Take the entries that follow and write them out again, word for word.

[Start of Attachment]

lemma square_cancel_left:
  fixes c n k :: int
  assumes "c \<noteq> 0" "c^2 * n = k^2"
  shows "\<exists>j. n = j^2"
proof -
  have "c^2 dvd k^2" using assms(2) by (metis dvd_triv_left)
  then obtain j where "k = c * j" by auto
  then have "c^2 * n = c^2 * j^2" using assms(2) by (simp add: power_mult_distrib)
  then show ?thesis using assms(1) by auto
qed

lemma abs_mult_square_cancel:
  fixes c D k :: int
  assumes "c \<noteq> 0" "\<bar>c^2 * D\<bar> = k^2"
  shows "\<exists>j. \<bar>D\<bar> = j^2"
  using square_cancel_left[of c "\<bar>D\<bar>" k] assms by (simp add: abs_mult)

lemma coprime_mult_eq_square:
  fixes u v w :: int
  assumes "coprime u v" "u \<ge> 0" "v \<ge> 0" "u * v = w^2"
  shows "\<exists>a b. u = a^2 \<and> v = b^2"
proof (cases "u = 0 \<or> v = 0")
  case True
  then have "u = 0 \<and> v = 1 \<or> u = 1 \<and> v = 0" using assms(1-3) by auto
  then show ?thesis by (metis power_one zero_power2)
next
  case False
  have "coprime (nat u) (nat v)" using assms(1-3) by (simp add: coprime_int_iff[symmetric])
  moreover have "int (nat u * nat v) = int ((nat \<bar>w\<bar>)^2)" using assms(2-4) by simp
  then have "nat u * nat v = (nat \<bar>w\<bar>)^2" by (simp only: of_nat_eq_iff)
  ultimately have "is_nth_power 2 (nat u)" "is_nth_power 2 (nat v)"
    using is_nth_power_mult_coprime_natD[of "nat u" "nat v" 2] False assms(2,3) by auto
  then obtain c d where "nat u = c^2" "nat v = d^2" unfolding is_nth_power_def by blast
  then have "u = (int c)^2" "v = (int d)^2" using assms(2,3) by (metis int_nat_eq of_nat_power)+
  then show ?thesis by blast
qed

lemma coprime_mult_eq_square_pos:
  fixes u v w :: int
  assumes "coprime u v" "v > 0" "u * v = w^2"
  shows "\<exists>a b. u = a^2 \<and> v = b^2"
proof -
  have "u \<ge> 0" using assms(2,3) by (metis linorder_not_le mult_neg_pos zero_le_power2)
  then show ?thesis using coprime_mult_eq_square assms by auto
qed

lemma coprime_abs_mult_eq_square:
  fixes a b j :: int
  assumes "coprime a b" "\<bar>a * b\<bar> = j^2"
  shows "\<exists>A B. \<bar>a\<bar> = A^2 \<and> \<bar>b\<bar> = B^2"
  using coprime_mult_eq_square[of "\<bar>a\<bar>" "\<bar>b\<bar>" j] assms by (simp add: abs_mult)
(* Let $H$ be a Hermitian operator (Hamiltonian) on $\mathbb{C}^d$, let $\{\mathcal{O}_i\}_{i\in\mathcal{I}}$ be a finite family of Hermitian operators on $\mathbb{C}^d$ indexed by a finite set $\mathcal{I}$, and let $\rho$ be a density matrix on $\mathbb{C}^d$ with $o_i=\mathrm{tr}(\rho\,\mathcal{O}_i)$ for all $i\in\mathcal{I}$. Define the feasible set $$\Omega_{\mathcal{I}}=\{X:\ X\succeq 0,\ \mathrm{tr}(X)=1,\ \mathrm{tr}(X\mathcal{O}_i)=o_i\ \forall i\in\mathcal{I}\}.$$ Then for every unitary $U\in\mathcal{U}(d)$, $$\min_{X\in\Omega_{\mathcal{I}}}\big[\mathrm{tr}(HX)-\mathrm{tr}(HUXU^\dagger)\big]\ \le\ \min_{X\in\Omega_{\mathcal{I}}}\max_{V\in\mathcal{U}(d)}\big[\mathrm{tr}(HX)-\mathrm{tr}(HVXV^\dagger)\big]\ \le\ \mathcal{E}(\rho,H).$$ In particular, if $\tilde\rho\in\Omega_{\mathcal{I}}$ is any feasible state (e.g. a minimizer over $\Omega_{\mathcal{I}}$ of some linear function, or of the purity $\mathrm{tr}(X^2)$), with spectral decomposition $\tilde\rho=\sum_j\tilde r_j|\tilde r_j\rangle\langle\tilde r_j|$, $\tilde r_1\ge\tilde r_2\ge\cdots$, and $H=\sum_j E_j|E_j\rangle\langle E_j|$ with $E_1\le E_2\le\cdots$, and $\tilde U_\star=\sum_j|E_j\rangle\langle\tilde r_j|$, then $$\mathcal{E}_{\rm LB}:=\min_{X\in\Omega_{\mathcal{I}}}\big[\mathrm{tr}(HX)-\mathrm{tr}(H\tilde U_\star X\tilde U_\star^\dagger)\big]\ \le\ \mathcal{E}(\rho,H).$$
   Context: For a density matrix $\rho$ on $\mathbb{C}^d$ and a Hamiltonian $H$, the ergotropy is $\mathcal{E}(\rho,H)=\max_{U\in\mathcal{U}(d)}\big[\mathrm{tr}(\rho H)-\mathrm{tr}(HU\rho U^\dagger)\big]$, where $\mathcal{U}(d)$ is the group of $d\times d$ unitaries. *)

theory Defs
  imports "HOL-Analysis.Analysis"
begin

[End of Attachment]

**Exercise response**
lemma square_cancel_left:
  fixes c n k :: int
  assumes "c \<noteq> 0" "c^2 * n = k^2"
  shows "\<exists>j. n = j^2"
proof -
  have "c^2 dvd k^2" using assms(2) by (metis dvd_triv_left)
  then obtain j where "k = c * j" by auto
  then have "c^2 * n = c^2 * j^2" using assms(2) by (simp add: power_mult_distrib)
  then show ?thesis using assms(1) by auto
qed

lemma abs_mult_square_cancel:
  fixes c D k :: int
  assumes "c \<noteq> 0" "\<bar>c^2 * D\<bar> = k^2"
  shows "\<exists>j. \<bar>D\<bar> = j^2"
  using square_cancel_left[of c "\<bar>D\<bar>" k] assms by (simp add: abs_mult)

lemma coprime_mult_eq_square:
  fixes u v w :: int
  assumes "coprime u v" "u \<ge> 0" "v \<ge> 0" "u * v = w^2"
  shows "\<exists>a b. u = a^2 \<and> v = b^2"
proof (cases "u = 0 \<or> v = 0")
  case True
  then have "u = 0 \<and> v = 1 \<or> u = 1 \<and> v = 0" using assms(1-3) by auto
  then show ?thesis by (metis power_one zero_power2)
next
  case False
  have "coprime (nat u) (nat v)" using assms(1-3) by (simp add: coprime_int_iff[symmetric])
  moreover have "int (nat u * nat v) = int ((nat \<bar>w\<bar>)^2)" using assms(2-4) by simp
  then have "nat u * nat v = (nat \<bar>w\<bar>)^2" by (simp only: of_nat_eq_iff)
  ultimately have "is_nth_power 2 (nat u)" "is_nth_power 2 (nat v)"
    using is_nth_power_mult_coprime_natD[of "nat u" "nat v" 2] False assms(2,3) by auto
  then obtain c d where "nat u = c^2" "nat v = d^2" unfolding is_nth_power_def by blast
  then have "u = (int c)^2" "v = (int d)^2" using assms(2,3) by (metis int_nat_eq of_nat_power)+
  then show ?thesis by blast
qed

lemma coprime_mult_eq_square_pos:
  fixes u v w :: int
  assumes "coprime u v" "v > 0" "u * v = w^2"
  shows "\<exists>a b. u = a^2 \<and> v = b^2"
proof -
  have "u \<ge> 0" using assms(2,3) by (metis linorder_not_le mult_neg_pos zero_le_power2)
  then show ?thesis using coprime_mult_eq_square assms by auto
qed

lemma coprime_abs_mult_eq_square:
  fixes a b j :: int
  assumes "coprime a b" "\<bar>a * b\<bar> = j^2"
  shows "\<exists>A B. \<bar>a\<bar> = A^2 \<and> \<bar>b\<bar> = B^2"
  using coprime_mult_eq_square[of "\<bar>a\<bar>" "\<bar>b\<bar>" j] assms by (simp add: abs_mult)
(* Let $H$ be a Hermitian operator (Hamiltonian) on $\mathbb{C}^d$, let $\{\mathcal{O}_i\}_{i\in\mathcal{I}}$ be a finite family of Hermitian operators on $\mathbb{C}^d$ indexed by a finite set $\mathcal{I}$, and let $\rho$ be a density matrix on $\mathbb{C}^d$ with $o_i=\mathrm{tr}(\rho\,\mathcal{O}_i)$ for all $i\in\mathcal{I}$. Define the feasible set $$\Omega_{\mathcal{I}}=\{X:\ X\succeq 0,\ \mathrm{tr}(X)=1,\ \mathrm{tr}(X\mathcal{O}_i)=o_i\ \forall i\in\mathcal{I}\}.$$ Then for every unitary $U\in\mathcal{U}(d)$, $$\min_{X\in\Omega_{\mathcal{I}}}\big[\mathrm{tr}(HX)-\mathrm{tr}(HUXU^\dagger)\big]\ \le\ \min_{X\in\Omega_{\mathcal{I}}}\max_{V\in\mathcal{U}(d)}\big[\mathrm{tr}(HX)-\mathrm{tr}(HVXV^\dagger)\big]\ \le\ \mathcal{E}(\rho,H).$$ In particular, if $\tilde\rho\in\Omega_{\mathcal{I}}$ is any feasible state (e.g. a minimizer over $\Omega_{\mathcal{I}}$ of some linear function, or of the purity $\mathrm{tr}(X^2)$), with spectral decomposition $\tilde\rho=\sum_j\tilde r_j|\tilde r_j\rangle\langle\tilde r_j|$, $\tilde r_1\ge\tilde r_2\ge\cdots$, and $H=\sum_j E_j|E_j\rangle\langle E_j|$ with $E_1\le E_2\le\cdots$, and $\tilde U_\star=\sum_j|E_j\rangle\langle\tilde r_j|$, then $$\mathcal{E}_{\rm LB}:=\min_{X\in\Omega_{\mathcal{I}}}\big[\mathrm{tr}(HX)-\mathrm{tr}(H\tilde U_\star X\tilde U_\star^\dagger)\big]\ \le\ \mathcal{E}(\rho,H).$$
   Context: For a density matrix $\rho$ on $\mathbb{C}^d$ and a Hamiltonian $H$, the ergotropy is $\mathcal{E}(\rho,H)=\max_{U\in\mathcal{U}(d)}\big[\mathrm{tr}(\rho H)-\mathrm{tr}(HU\rho U^\dagger)\big]$, where $\mathcal{U}(d)$ is the group of $d\times d$ unitaries. *)

theory Defs
  imports "HOL-Analysis.Analysis"
begin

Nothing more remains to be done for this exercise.